Rechter grijpt in: voorlopig geen concentratie kinderhartchirurgie
Operaties aan aangeboren hartafwijkingen worden voorlopig niet geconcentreerd in Rotterdam en Groningen. Het besluit daarover van het ministerie van Volksgezondheid is vandaag door de rechtbank in Utrecht teruggedraaid.
De rechtszaak was aangespannen door de universitaire ziekenhuizen van Leiden, Amsterdam en Utrecht. Zij dreigden de operaties kwijt te raken.
Vijf locaties hartoperaties
Volgens de rechtbank heeft het ministerie niet goed onderzocht of het wel nodig is om het aantal ziekenhuizen waar de hartoperaties kunnen worden uitgevoerd, terug te brengen van vijf naar twee. Het is daardoor niet duidelijk of dit besluit 'noodzakelijk en evenwichtig en daarmee evenredig is'.
Nederland heeft nu vier centra voor kinderhartchirurgie. Een daarvan is het Centrum voor Aangeboren Hartafwijkingen Amsterdam-Leiden (CAHAL), dat is opgezet door het Leids Universitair Medisch Centrum (LUMC) en Amsterdam UMC. De andere drie centra zijn bij de universitaire ziekenhuizen in Utrecht (UMCU), Rotterdam (Erasmus MC) en Groningen (UMCG).
NZa zeer kritisch over kabinetsbesluit kinderhartchirurgie: 'Grote en onomkeerbare gevolgen'
Het ministerie besloot in 2022 dat het beter zou zijn om de operaties te concentreren op twee locaties. Het gaat om een paar ingrepen per jaar, waar veel kennis en ervaring voor nodig is. Als die operaties worden geconcentreerd, voeren chirurgen in de twee overgebleven ziekenhuizen vaker operaties uit. Daarmee zou volgens het ministerie de kwaliteit van de ingrepen verbeteren.
De rechter veegt die argumentatie van minister Ernst Kuipers nu dus van tafel. De minister had volgens het vonnis niet mogen vasthouden aan het principe dat een ziekenhuis minimaal zestig operaties bij pasgeboren baby's moet verrichten om een goede kwaliteit te garanderen. Dat aantal kwam uit een wetenschappelijk artikel, maar de chirurg die dat had geschreven gaf later aan dit cijfer niet als 'wetenschappelijk minimum' te hebben bedoeld.
Toch concentratie Leiden, Amsterdam, Utrecht
In februari vorig jaar ging een meerderheid in de Tweede Kamer akkoord met de plannen.
Omdat ze de kinderhartoperaties dreigen kwijt te raken, hadden de kinderhartcentra Leiden/Amsterdam en Utrecht in oktober aangekondigd dat ze meer willen samenwerken. De beide teams moeten één team op twee locaties worden, in Utrecht en Leiden.
Na de uitspraak reageerden de academische ziekenhuizen in Utrecht, Leiden en Amsterdam verheugd. Zij noemden het openblijven van de hartchirurgie op die locaties 'goed nieuws voor de kwaliteit en toegankelijkheid van academische hart- en kinderzorg, voor de toekomst van kostbare kinder-ic-capaciteit in Nederland en van aanpalende zorg, zoals voor kinderen met kanker',
Amsterdam UMC, LUMC, UMC Utrecht en Prinses Máxima centrum voor kinderoncologie geven ook aan dat ze onderling nog meer gaan samenwerken dan ze al doen. In hun reactie roepen de bestuurders van de instellingen op tot 'meer samenwerking tussen de verschillende umc's, waarbij bijvoorbeeld juist de professionals gaan reizen in plaats van patiënten'.

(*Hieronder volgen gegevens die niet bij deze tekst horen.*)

lemma card_free_inter_diag_band:
  assumes "finite P" "poset_on P leP" "finite F" "\<not> weak_subposet P leP F grid_le"
  shows "card (F \<inter> diag_band c) + 2 \<le> card P + height P leP"
proof (rule ccontr)
  assume "\<not> ?thesis"
  then have large: "card P + height P leP \<le> card (F \<inter> diag_band c) + 1"
    by simp
  obtain \<rho> where "\<forall>x\<in>P. \<rho> x < height P leP" "\<forall>x\<in>P. \<forall>y\<in>P. leP x y \<and> x \<noteq> y \<longrightarrow> \<rho> x < \<rho> y"
    using poset_strict_rank[OF assms(1,2)] .
  moreover have "nearly_sorted grid_le (band_key c) (F \<inter> diag_band c)"
    by (rule nearly_sorted_band) blast
  ultimately have "weak_subposet P leP (F \<inter> diag_band c) grid_le"
    using assms(1,3) large
    by (intro weak_subposet_into_nearly_sorted) (auto simp: grid_le_def)
  then show False
    using assms(4) weak_subposet_mono by blast
qed

lemma grid_subset_bands:
  "grid k \<subseteq> (\<Union>j\<le>(k - 1) div 2. diag_band (4 * int j + 1 - int k))"
proof
  fix u assume "u \<in> grid k"
  then obtain x y where u: "u = (x, y)" "1 \<le> x" "x \<le> k" "1 \<le> y" "y \<le> k"
    unfolding grid_def by auto
  define d where "d = int x - int y + int k - 1"
  define j where "j = nat (d div 4)"
  have "0 \<le> d" "d \<le> 2 * int k - 2"
    using u unfolding d_def by auto
  then have "4 * int j \<le> d" "d \<le> 4 * int j + 3"
    unfolding j_def by auto
  then have "j \<le> (k - 1) div 2" "u \<in> diag_band (4 * int j + 1 - int k)"
    using \<open>d \<le> 2 * int k - 2\<close> u unfolding diag_band_def d_def by auto
  then show "u \<in> (\<Union>j\<le>(k - 1) div 2. diag_band (4 * int j + 1 - int k))"
    by blast
qed

lemma card_free_subset_grid:
  assumes "finite P" "poset_on P leP" "F \<subseteq> grid k" "\<not> weak_subposet P leP F grid_le"
  shows "card F + 2 * ((k - 1) div 2 + 1) \<le> ((k - 1) div 2 + 1) * (card P + height P leP)"
proof -
  define J where "J = (k - 1) div 2"
  define band where "band j = F \<inter> diag_band (4 * int j + 1 - int k)" for j :: nat
  have "finite F"
    using assms(3) finite_grid finite_subset by blast
  have "F = (\<Union>j\<le>J. band j)"
    using assms(3) grid_subset_bands unfolding band_def J_def by blast
  then have "card F \<le> (\<Sum>j\<le>J. card (band j))"
    by (metis card_UN_le finite_atMost)
  then have "card F + 2 * (J + 1) \<le> (\<Sum>j\<le>J. card (band j) + 2)"
    unfolding sum.distrib by simp
  also have "\<dots> \<le> (\<Sum>j\<le>J. card P + height P leP)"
    unfolding band_def
    by (intro sum_mono card_free_inter_diag_band) (use assms(1,2,4) \<open>finite F\<close> in auto)
  finally show ?thesis
    by (simp add: J_def)
qed

lemma La_grid_le:
  assumes "finite P" "P \<noteq> {}" "poset_on P leP" "1 \<le> k"
  shows "real (La (grid k) grid_le P leP)
    \<le> ((real (card P) + real (height P leP)) / 2 - 1) * real k
       + (real (card P) + real (height P leP)) / 2"
proof -
  obtain F where F: "F \<subseteq> grid k" "\<not> weak_subposet P leP F grid_le" "card F = La (grid k) grid_le P leP"
    using La_attained[OF finite_grid assms(2)] .
  define N where "N = (k - 1) div 2 + 1"
  define X where "X = real (card P) + real (height P leP)"
  have "card F + 2 * N \<le> N * (card P + height P leP)"
    using card_free_subset_grid[OF assms(1,3) F(1,2)] by (simp add: N_def)
  then have "real (card F + 2 * N) \<le> real (N * (card P + height P leP))"
    by (simp only: of_nat_le_iff)
  then have bound: "real (card F) + 2 * real N \<le> real N * X"
    by (simp add: X_def)
  have "1 \<le> N" "2 * N \<le> k + 1"
    using assms(4) unfolding N_def by presburger+
  then have N: "1 \<le> real N" "2 * real N \<le> real k + 1"
    by linarith+
  have "real N * 2 \<le> real N * X"
    using bound by simp
  then have "2 \<le> X"
    using N(1) by simp
  have "real (card F) \<le> real N * (X - 2)"
    using bound by (simp add: algebra_simps)
  also have "\<dots> \<le> (real k + 1) / 2 * (X - 2)"
    using N(2) \<open>2 \<le> X\<close> by (intro mult_right_mono) auto
  also have "\<dots> \<le> (X / 2 - 1) * real k + X / 2"
    by (simp add: field_simps)
  finally show ?thesis
    using F(3) by (simp add: X_def)
qed
(* Let $n$ be an ambient name and $T_1$ a pure mobile-ambient process. Define the binary predicate $\mathcal{P}^{-|open\ n.T_1}(X,Y)$ on pure processes to hold iff there exist a process $P''$ and a name $m\notin fn(X)$ such that $P''\downarrow_m$, $C'[X]\rightsquigarrow P''\rightsquigarrow Y$ and not $Y\downarrow_m$, where $C'[-]=-\mid open\ n.(m[\mathbf{0}]\mid open\ m.T_1)$. Then $\mathcal{P}^{-|open\ n.T_1}$ is stable under $\sim^{BS}_M$, and for all pure processes $P,P'$: $\mathcal{P}^{-|open\ n.T_1}(P,P')$ holds if and only if $P\xrightarrow{-|open\ n.T_1}_{M_I}P'$.
   Context: Mobile ambients (finite, communication-free fragment). Pure processes $P::=\mathbf{0}\mid n[P]\mid M.P\mid(\nu n)P\mid P_1|P_2$, $M::=in\ n\mid out\ n\mid open\ n$; extended processes also allow process variables $X$ and ambients $x[P]$ with name variables $x$ (each variable at most once). Structural congruence $\equiv$: least congruence with $|$ commutative, associative, unit $\mathbf{0}$; $(\nu n)(\nu m)P\equiv(\nu m)(\nu n)P$; $(\nu n)(P|Q)\equiv P|(\nu n)Q$ if $n\notin fn(P)$; $(\nu n)m[P]\equiv m[(\nu n)P]$ if $n\ne m$; $(\nu n)M.P\equiv M.(\nu n)P$ if $n\notin fn(M)$; $\alpha$-conversion. Reduction $\rightsquigarrow$: least relation closed under $\equiv$, $(\nu n)-$, $n[-]$, $-|R$, generated by $n[in\ m.P|Q]|m[R]\rightsquigarrow m[n[P|Q]|R]$, $m[n[out\ m.P|Q]|R]\rightsquigarrow n[P|Q]|m[R]$, $open\ n.P|n[Q]\rightsquigarrow P|Q$. Barb $P\downarrow_n$ iff $P\equiv(\nu A)(n[Q]|R)$ with $n\notin A$. Barbed saturated bisimilarity $\sim^{BS}_M$ is the largest symmetric relation $\mathcal{R}$ on pure processes such that if $P\,\mathcal{R}\,Q$ then for every (pure, unary) context $C[-]$ and name $n$: $C[P]\downarrow_n$ implies $C[Q]\downarrow_n$, and $C[P]\rightsquigarrow P'$ implies $C[Q]\rightsquigarrow Q'$ for some $Q'$ with $P'\,\mathcal{R}\,Q'$. A predicate $\mathcal{P}(X,Y)$ is stable under $\mathcal{R}$ if whenever $P\,\mathcal{R}\,Q$ and $\mathcal{P}(P,P')$ there is $Q'$ with $\mathcal{P}(Q,Q')$ and $P'\,\mathcal{R}\,Q'$. The only rule of the transition system $M$ producing labels of shape $-|open\ n.X_1$ is (CoOpen): if $P\equiv(\nu A)(n[P_1]|P_2)$ with $n\notin A$ then $P\xrightarrow{-|open\ n.X_1}(\nu A)(P_1|X_1|P_2)$. $M_I$ instantiates variables: $P\xrightarrow{C[-]}_{M_I}Q$ iff $P\xrightarrow{C_\epsilon[-]}Q_\epsilon$ in $M$ and for some capture-avoiding substitution $\sigma$ of pure processes/names for variables, $Q_\epsilon\sigma\equiv Q$ and $C_\epsilon[-]\sigma=C[-]$. Thus $P\xrightarrow{-|open\ n.T_1}_{M_I}P'$ iff $P\equiv(\nu A)(n[P_1]|P_2)$, $n\notin A$, and $P'\equiv(\nu A)(P_1|T_1|P_2)$ (after $\alpha$-converting $A$ away from $fn(T_1)$). *)

theory Defs
  imports Main
begin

Minister en Erasmus MC ontevreden
De nieuwe minister van Volksgezondheid, Conny Helder, reageert minder positief: "Ik betreur de uitspraak ten zeerste. Dit is slecht nieuws voor alle betrokkenen en met name de patiënten. We gaan de uitspraak van de rechter de komende weken zorgvuldig bestuderen en kijken hoe we verder gaan met dit dossier."
Ook het Erasmus MC in Rotterdam is teleurgesteld. "Met de vertraging die dat tot gevolg heeft voor deze zorg in Nederland is niemand gediend. In de eerste plaats de patiënten niet."
Volgens het ziekenhuis is concentratie van kinderhartchirurgie 'essentieel om de kwaliteit van zorg nog verder te verbeteren'. Het ziekenhuis is van mening dat behandelteams meer ervaring hebben en betere zorg leveren als zij meer ingrepen doen.